### Listed entries
(* Let $P$ be a program of the imperative language described in the context, and suppose $\vdash P : M$ is derivable in the deterministic calculus, where $M$ is an $n\times n$ matrix with coefficients in $\{0,1,2\}^p\to\mathrm{mwp}^{\infty}$. Then for every $\vec a\in\{0,1,2\}^p$: $\vdash_{\mathrm{JK}} P : M[\vec a]$ is derivable in the original Jones–Kristiansen calculus if and only if no coefficient of $M[\vec a]$ equals $\infty$.
   Context: Language. Variables range over $X_1,\dots,X_n$ (a fixed finite set), and $b$ ranges over boolean expressions (unspecified; they play no role). Expressions: $e ::= X \mid X - Y \mid X + Y \mid X * Y$. Commands: $C ::= X = e \mid \texttt{if } b \texttt{ then } C \texttt{ else } C \mid \texttt{while } b \texttt{ do } \{C\} \mid \texttt{loop } X \{C\} \mid C;C$, where $\texttt{loop } X\{C\}$ executes $C$ $X$ times. A program is a sequential composition of commands. Semi-rings. $\mathrm{mwp}$ has carrier $\{0,m,w,p\}$ with $0<m<w<p$, addition $\max$, and $\alpha\times\beta=\max(\alpha,\beta)$ if $\alpha,\beta\neq0$, $0$ otherwise. $\mathrm{mwp}^\infty$ has carrier $\{0,m,w,p,\infty\}$ with $0<m<w<p<\infty$, addition $\max$, and $\alpha\times\beta=0$ if $\alpha,\beta\neq\infty$ and one of them is $0$, $\max(\alpha,\beta)$ otherwise. $\{0,1,2\}^p\to\mathrm{mwp}^\infty$ is the semi-ring of functions with pointwise operations (constants identified with constant functions). Matrices are $n\times n$ with componentwise $\oplus$, usual product $\otimes$, unit $\mathbf{1}$ ($m$ on the diagonal, $0$ elsewhere), closure $M^*=\mathbf{1}\oplus M\oplus M^2\oplus\cdots$. $M[\vec a]$ is $M$ with every coefficient evaluated at $\vec a$. $\delta(i,k)(\vec a)=m$ if $a_k=i$, $0$ otherwise. $\{^{\alpha}_i\}$ is the $n$-vector with $\alpha$ in row $i$ and $0$ elsewhere, $\{^\alpha_i,^\beta_j\}=\{^\alpha_i\}\oplus\{^\beta_j\}$, $\alpha V$ is scalar multiplication, $\mathbf{1}\xleftarrow{j}V$ is the unit matrix with column $j$ replaced by $V$, $\{^\alpha_i\to j\}$ is the matrix with $\alpha$ at $(i,j)$ and $0$ elsewhere, and $\mathrm{var}(e)$ is the set of variables of $e$. Original (non-deterministic) Jones–Kristiansen calculus $\vdash_{\mathrm{JK}}$, over $\mathrm{mwp}$: (E1) $\vdash_{\mathrm{JK}} X_i:\{^m_i\}$; (E2) $\vdash_{\mathrm{JK}} e:\bigoplus\{\{^w_i\}\mid X_i\in\mathrm{var}(e)\}$; (E3) for $\star\in\{+,-\}$, from $\vdash_{\mathrm{JK}}X_i:V_1$, $\vdash_{\mathrm{JK}}X_j:V_2$ infer $\vdash_{\mathrm{JK}}X_i\star X_j: pV_1\oplus V_2$; (E4) same premises, conclusion $V_1\oplus pV_2$; (A) from $\vdash_{\mathrm{JK}}e:V$ infer $\vdash_{\mathrm{JK}}X_j=e:\mathbf{1}\xleftarrow{j}V$; (C) $C_1;C_2:M_1\otimes M_2$; (I) $\texttt{if } b \texttt{ then } C_1\texttt{ else } C_2 : M_1\oplus M_2$; (L) from $\vdash_{\mathrm{JK}}C:M$, provided $M^*_{ii}=m$ for all $i$, infer $\vdash_{\mathrm{JK}}\texttt{loop } X_l\{C\}: M^*\oplus\{^p_l\to j\mid\exists i,\ M^*_{ij}=p\}$; (W) from $\vdash_{\mathrm{JK}}C:M$, provided $M^*_{ii}=m$ for all $i$ and $M^*_{ij}\neq p$ for all $i,j$, infer $\vdash_{\mathrm{JK}}\texttt{while } b\texttt{ do }\{C\}:M^*$. Deterministic calculus $\vdash$, over $\{0,1,2\}^p\to\mathrm{mwp}^\infty$: each application of rule E$^A$ receives its own choice index $k\in\{1,\dots,p\}$ ($p$ = number of applications). (E$^A$) for $\star\in\{+,-\}$: $\vdash X_i\star X_j:\delta(0,k)\{^m_i,^p_j\}\oplus\delta(1,k)\{^p_i,^m_j\}\oplus\delta(2,k)\{^w_i,^w_j\}$; (E$^M$) $\vdash X_i*X_j:\{^w_i,^w_j\}$; (E$^S$) $\vdash X_i:\{^m_i\}$; rules (A), (C), (I) as in the original calculus; (L$^\infty$) from $\vdash C:M$ infer $\vdash\texttt{loop } X_l\{C\}:M^*\oplus\{^\infty_j\to j\mid M^*_{jj}\neq m\}\oplus\{^p_l\to j\mid\exists i,\ M^*_{ij}=p\}$; (W$^\infty$) from $\vdash C:M$ infer $\vdash\texttt{while } b\texttt{ do }\{C\}:M^*\oplus\{^\infty_j\to j\mid M^*_{jj}\neq m\}\oplus\{^\infty_i\to j\mid M^*_{ij}=p\}$ (conditions understood pointwise for each choice assignment). *)

theory Defs
  imports Main "HOL-Library.FuncSet" "HOL-Library.Function_Algebras"
begin

text \<open>Variables X_0, ..., X_(n-1) are represented by their indices (natural numbers).
  Boolean expressions are left abstract (type parameter 'b).\<close>

datatype expr = Var nat | Minus nat nat | Plus nat nat | Times nat nat

datatype 'b cmd =
    Assign nat expr
  | If 'b "'b cmd" "'b cmd"
  | While 'b "'b cmd"
  | Loop nat "'b cmd"
  | Seq "'b cmd" "'b cmd"

fun evars :: "expr \<Rightarrow> nat set" where
  "evars (Var i) = {i}"
| "evars (Minus i j) = {i, j}"
| "evars (Plus i j) = {i, j}"
| "evars (Times i j) = {i, j}"

fun cvars :: "'b cmd \<Rightarrow> nat set" where
  "cvars (Assign j e) = insert j (evars e)"
| "cvars (If b C1 C2) = cvars C1 \<union> cvars C2"
| "cvars (While b C) = cvars C"
| "cvars (Loop l C) = insert l (cvars C)"
| "cvars (Seq C1 C2) = cvars C1 \<union> cvars C2"

section \<open>The semi-ring mwp^infinity (mwp is its subset without Infty)\<close>

datatype mwpinf = Zero | M | W | P | Infty

fun rank :: "mwpinf \<Rightarrow> nat" where
  "rank Zero = 0" | "rank M = 1" | "rank W = 2" | "rank P = 3" | "rank Infty = 4"

lemma rank_inj: "rank x = rank y \<Longrightarrow> x = y"
  by (cases x; cases y; simp)

instantiation mwpinf :: linorder
begin
definition less_eq_mwpinf :: "mwpinf \<Rightarrow> mwpinf \<Rightarrow> bool" where
  "less_eq_mwpinf x y \<longleftrightarrow> rank x \<le> rank y"
definition less_mwpinf :: "mwpinf \<Rightarrow> mwpinf \<Rightarrow> bool" where
  "less_mwpinf x y \<longleftrightarrow> rank x < rank y"
instance
  by standard (auto simp: less_eq_mwpinf_def less_mwpinf_def intro: rank_inj)
end

instance mwpinf :: finite
proof
  have "(UNIV :: mwpinf set) = {Zero, M, W, P, Infty}"
    by (auto intro: mwpinf.exhaust)
  then show "finite (UNIV :: mwpinf set)" by (metis finite.emptyI finite_insert)
qed

instantiation mwpinf :: "{zero, one, plus, times}"
begin
definition zero_mwpinf :: mwpinf where "zero_mwpinf = Zero"
definition one_mwpinf :: mwpinf where "one_mwpinf = M"
definition plus_mwpinf :: "mwpinf \<Rightarrow> mwpinf \<Rightarrow> mwpinf" where
  "plus_mwpinf x y = max x y"
text \<open>mwp^infinity product: 0 if neither is Infty and one of them is 0, max otherwise.
  On the Infty-free part this coincides with the mwp product.\<close>
definition times_mwpinf :: "mwpinf \<Rightarrow> mwpinf \<Rightarrow> mwpinf" where
  "times_mwpinf x y =
     (if x \<noteq> Infty \<and> y \<noteq> Infty \<and> (x = Zero \<or> y = Zero) then Zero else max x y)"
instance ..
end

type_synonym 'a vec = "nat \<Rightarrow> 'a"
type_synonym 'a mat = "nat \<Rightarrow> nat \<Rightarrow> 'a"

definition vsing :: "nat \<Rightarrow> 'a::zero \<Rightarrow> 'a vec" where
  "vsing i \<alpha> = (\<lambda>r. if r = i then \<alpha> else 0)"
######
§ Required action: The word "auto" appears in some lines of the data. Copy every one of those lines.

§ Solved exercise:
  by standard (auto simp: less_eq_mwpinf_def less_mwpinf_def intro: rank_inj)
    by (auto intro: mwpinf.exhaust)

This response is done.